Am I right, that every manager node has a local copy of the entire cluster state rather than just a partial view of the cluster? If that assumption is true (otherwise feel free to correct me), can you think of a reason why docker node ls can't be satisfied from the local cluster store? Is that a Raft bootstrapping thing?

In order to make sure that a query like this returns the most up-to-date information, we internally route the queries to the Raft leader. The leader is the node that's currently coordinating the writes, so it's impossible for it to have out-of-date information.

I think the case where you're seeing docker node ls work with only one manager is one where that node still thinks it's the leader, so it's willing to respond to that query. But in the case where it doesn't work, the node doesn't know who the leader is, so it doesn't know where to send the query.
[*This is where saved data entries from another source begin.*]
lemma exists_rayleigh_minimizer:
  fixes A :: "complex^'n^'n" and W :: "(complex^'n) set"
  assumes closed: "closed W" and scale: "\<And>c x. x \<in> W \<Longrightarrow> c *\<^sub>R x \<in> W"
    and nonzero: "x0 \<in> W" "x0 \<noteq> 0"
  shows "\<exists>v\<in>W. norm v = 1 \<and>
    (\<forall>w\<in>W. Re (cinner v (A *v v)) * (norm w)\<^sup>2 \<le> Re (cinner w (A *v w)))"
proof -
  define f where "f x = Re (cinner x (A *v x))" for x
  define K where "K = W \<inter> sphere 0 1"
  have compact: "compact K"
    unfolding K_def using compact_Int_closed[OF compact_sphere closed, of 0 1]
    by (simp add: Int_commute)
  have "(1 / norm x0) *\<^sub>R x0 \<in> K"
    unfolding K_def using nonzero scale[OF nonzero(1)] by simp
  then have nonempty: "K \<noteq> {}" by blast
  have cont: "continuous_on K f"
    unfolding f_def cinner_def matrix_vector_mult_def by (simp, intro continuous_intros)
  obtain v where v: "v \<in> K" and vmin: "\<And>y. y \<in> K \<Longrightarrow> f v \<le> f y"
    using continuous_attains_inf[OF compact nonempty cont] by blast
  have f_scale: "f (c *\<^sub>R x) = c\<^sup>2 * f x" for c x
    unfolding f_def
    by (simp add: matrix_vector_mult_scaleR cinner_scaleR_left cinner_scaleR_right power2_eq_square)
  have "f v * (norm w)\<^sup>2 \<le> f w" if w: "w \<in> W" for w
  proof (cases "w = 0")
    case True then show ?thesis by (simp add: f_def cinner_def)
  next
    case False
    have "(1 / norm w) *\<^sub>R w \<in> K" unfolding K_def using w scale False by simp
    then have "f v \<le> (1 / norm w)\<^sup>2 * f w" using vmin f_scale by metis
    then show ?thesis using False by (simp add: field_simps power2_eq_square)
  qed
  then show ?thesis using v unfolding K_def f_def by auto
qed

lemma rayleigh_minimizer_orthogonal:
  fixes A :: "complex^'n^'n" and W :: "(complex^'n) set" and v w :: "complex^'n"
  defines "\<mu> \<equiv> Re (cinner v (A *v v))"
  assumes herm: "hermitian A"
    and add: "\<And>x y. x \<in> W \<Longrightarrow> y \<in> W \<Longrightarrow> x + y \<in> W"
    and scale: "\<And>c x. x \<in> W \<Longrightarrow> c *s x \<in> W"
    and v: "v \<in> W" "norm v = 1"
    and min: "\<forall>w\<in>W. \<mu> * (norm w)\<^sup>2 \<le> Re (cinner w (A *v w))"
    and w: "w \<in> W"
  shows "cinner w (A *v v - \<mu> *\<^sub>R v) = 0"
proof -
  have real_part: "Re (cinner w (A *v v - \<mu> *\<^sub>R v)) = 0" if w: "w \<in> W" for w
  proof -
    define a where "a = Re (cinner w (A *v v)) - \<mu> * inner w v"
    define h where "h = Re (cinner w (A *v w)) - \<mu> * (norm w)\<^sup>2"
    have "Re (cinner v (A *v w)) = Re (cinner w (A *v v))"
      using cinner_hermitian[OF herm, of v w] cnj_cinner[of w "A *v v"] by (metis cnj.sel(1))
    then have form: "Re (cinner (v + t *\<^sub>R w) (A *v (v + t *\<^sub>R w)))
        = \<mu> + 2 * t * Re (cinner w (A *v v)) + t\<^sup>2 * Re (cinner w (A *v w))" for t
      unfolding \<mu>_def quadratic_form_add_scaleR by simp
    have norm: "(norm (v + t *\<^sub>R w))\<^sup>2 = 1 + 2 * t * inner w v + t\<^sup>2 * (norm w)\<^sup>2" for t
    proof -
      have "(norm (v + t *\<^sub>R w))\<^sup>2 = inner v v + 2 * t * inner w v + t\<^sup>2 * inner w w"
        unfolding power2_norm_eq_inner
        by (simp add: inner_add_left inner_add_right inner_commute[of v w] power2_eq_square algebra_simps)
      then show ?thesis using v(2) by (simp flip: power2_norm_eq_inner)
    qed
    have "v + t *\<^sub>R w \<in> W" for t
      using add[OF v(1) scale[OF w]] by (simp add: scaleR_eq_of_real_smult)
    then have ineq: "\<mu> * (norm (v + t *\<^sub>R w))\<^sup>2 \<le> Re (cinner (v + t *\<^sub>R w) (A *v (v + t *\<^sub>R w)))"
      for t using min by blast
    have "0 \<le> 2 * t * a + t\<^sup>2 * h" for t
      using ineq[of t] unfolding form norm a_def h_def by (simp add: algebra_simps)
    moreover have "0 \<le> h" using min w unfolding h_def by simp
    ultimately have "a = 0" by (rule nonneg_quadratic_imp_linear_coeff_0)
    then show ?thesis
      unfolding a_def inner_eq_Re_cinner by (simp add: cinner_diff_right cinner_scaleR_right)
  qed
  have "Re (cinner (\<i> *s w) (A *v v - \<mu> *\<^sub>R v)) = 0" by (rule real_part[OF scale[OF w]])
  then have "Im (cinner w (A *v v - \<mu> *\<^sub>R v)) = 0" by (simp add: cinner_scale_left)
  then show ?thesis using real_part[OF w] by (simp add: complex_eq_iff)
qed

lemma closed_orthogonal_complement: "closed {x::complex^'n. \<forall>u\<in>S. cinner u x = 0}"
proof -
  have "{x. \<forall>u\<in>S. cinner u x = 0} = (\<Inter>u\<in>S. {x. cinner u x = 0})" by auto
  moreover have "continuous_on UNIV (cinner u)" for u :: "complex^'n"
    unfolding cinner_def by (intro continuous_intros)
  ultimately show ?thesis by (simp only:) (intro closed_INT ballI closed_Collect_eq continuous_on_const)
qed

lemma hermitian_extend_orthonormal_eigenvectors:
  fixes A :: "complex^'n^'n" and S :: "(complex^'n) set"
  assumes herm: "hermitian A" and fin: "finite S"
    and eig: "\<forall>u\<in>S. \<exists>\<mu>. A *v u = of_real \<mu> *s u" and lt: "card S < CARD('n)"
  shows "\<exists>v \<mu>. cinner v v = 1 \<and> (\<forall>u\<in>S. cinner u v = 0) \<and> A *v v = of_real \<mu> *s v"
proof -
  \<comment> \<open>The orthogonal complement \<open>W\<close> of \<open>S\<close> is \<open>A\<close>-invariant; minimise the Rayleigh quotient on it.\<close>
  define W where "W = {x. \<forall>u\<in>S. cinner u x = 0}"
  have add: "x + y \<in> W" if "x \<in> W" "y \<in> W" for x y
    using that unfolding W_def by (simp add: cinner_add_right)
  have scale: "c *s x \<in> W" if "x \<in> W" for x c
    using that unfolding W_def by (simp add: cinner_scale_right)
  have scaleR: "c *\<^sub>R x \<in> W" if "x \<in> W" for x c
    using scale[OF that] by (simp add: scaleR_eq_of_real_smult)
  have closed: "closed W" unfolding W_def by (rule closed_orthogonal_complement)
  obtain x0 where x0: "x0 \<in> W" "x0 \<noteq> 0"
    using exists_orthogonal_to_small_set[OF fin lt] unfolding W_def by blast
  obtain v where v: "v \<in> W" "norm v = 1"
    and min: "\<forall>w\<in>W. Re (cinner v (A *v v)) * (norm w)\<^sup>2 \<le> Re (cinner w (A *v w))"
    using exists_rayleigh_minimizer[OF closed scaleR x0, of A] by blast
  define \<mu> where "\<mu> = Re (cinner v (A *v v))"
  define r where "r = A *v v - \<mu> *\<^sub>R v"
  have "r \<in> W"
    unfolding W_def
  proof (intro CollectI ballI)
    fix u assume u: "u \<in> S"
    then obtain l where l: "A *v u = of_real l *s u" using eig by blast
    have "cinner u (A *v v) = cinner (A *v u) v" by (rule cinner_hermitian[OF herm])
    also have "\<dots> = 0" using v(1) u unfolding W_def by (simp add: l cinner_scale_left)
    finally show "cinner u r = 0" using v(1) u unfolding W_def r_def
      by (simp add: cinner_diff_right cinner_scaleR_right)
  qed
  then have "cinner r r = 0"
    using rayleigh_minimizer_orthogonal[OF herm add scale v(1) v(2) min]
    unfolding r_def \<mu>_def by blast
  then have "A *v v = of_real \<mu> *s v"
    unfolding r_def cinner_self by (simp add: scaleR_eq_of_real_smult)
  moreover have "cinner v v = 1" using v(2) cinner_self_eq_1_iff by blast
  moreover have "\<forall>u\<in>S. cinner u v = 0" using v(1) unfolding W_def by blast
  ultimately show ?thesis by blast
qed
I believe that in the upcoming 17.04 release, nodes will automatically relinquish the leadership position if they notice that they aren't in contact with enough nodes to maintain a quorum. This will make the behavior more consistent.
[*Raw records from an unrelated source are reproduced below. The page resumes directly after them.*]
definition word_pressure :: "nat \<Rightarrow> (nat list \<Rightarrow> real) \<Rightarrow> (nat list \<Rightarrow> real) \<Rightarrow> nat \<Rightarrow> real" where
  "word_pressure l F v n = - (\<Sum>e\<in>words l n. F e * ln ((v e)\<^sup>2 * F e))"

text \<open>The convention \<open>0 log 0 = 0\<close> of the pressure is automatic here, since \<open>0 * ln _ = 0\<close>.\<close>
lemma pressure_eq_word_pressure:
  "pressure p l nj \<nu> n = word_pressure l (\<lambda>e. measure \<nu> (cyl p l nj e)) (vw p nj) n"
  unfolding pressure_def word_pressure_def Let_def by (intro arg_cong[where f = uminus] sum.cong) auto

lemma vw_Cons: "vw p nj (j # e) = (real p ^ nj j) powr (-1/2) * vw p nj e"
  unfolding vw_def by (simp only: length_Cons prod.lessThan_Suc_shift nth_Cons_0 nth_Cons_Suc)

lemma vw_append: "vw p nj (e @ e') = vw p nj e * vw p nj e'"
  by (induction e) (simp_all add: vw_Cons, simp add: vw_def)

lemma vw_pos: "p > 0 \<Longrightarrow> vw p nj e > 0"
  unfolding vw_def by (intro prod_pos) simp

lemma mult_ln_le_cross:
  fixes x y z V W :: real
  assumes "0 \<le> x" "x \<le> y" "x \<le> z" "0 < V" "0 < W"
  shows "x * ln (V\<^sup>2 * y) + x * ln (W\<^sup>2 * z) - x * ln ((V * W)\<^sup>2 * x) \<le> y * z - x"
proof (cases "x = 0")
  case True
  with assms show ?thesis by simp
next
  case False
  with assms have pos: "0 < x" "0 < y" "0 < z" by auto
  with assms have "x * ln (V\<^sup>2 * y) + x * ln (W\<^sup>2 * z) - x * ln ((V * W)\<^sup>2 * x)
      = x * ln (y * z / x)"
    by (simp add: ln_mult ln_div power_mult_distrib algebra_simps)
  also have "\<dots> \<le> x * (y * z / x - 1)"
    using pos by (intro mult_left_mono ln_le_minus_one) auto
  also have "\<dots> = y * z - x"
    using pos by (simp add: field_simps)
  finally show ?thesis .
qed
Admittedly our error message about "context deadline exceeded" is unhelpful here. We've been meaning to improve these errors (cc @dperny).

Thanks for your patience :)

It's no problem at all.

apophizzz commented 7 years ago

Great, now I actually understand what was going on.

We've been meaning to improve these errors

I share your opinion that a significantly more meaningful message would be great here. The current one might a little bit confusing. So I'm done with that issue, thanks for participating.

lwalid commented 7 years ago

hi everybody i use docker 1.12.6, and i think that i have the seem problem. I have no answer for docker ps command or docker-compose ps command. in the log i have : Mar 27 15:37:40 test-ran.wanesy.fr dockerd[1059]: time="2017-03-27T15:37:40.796732144+02:00" level=warning msg="Health check error: rpc error: code = 4 desc = context deadline exceeded"

avoidik commented 7 years ago

@lwalid your swarm doesn't have a quorum, as a temporary solution to this issue you can use:

 docker swarm init --force-new-cluster --advertise-addr <addr>:<port> --listen-addr <addr>:<port>

this will recreate the node from current state and will update managers/workers balance.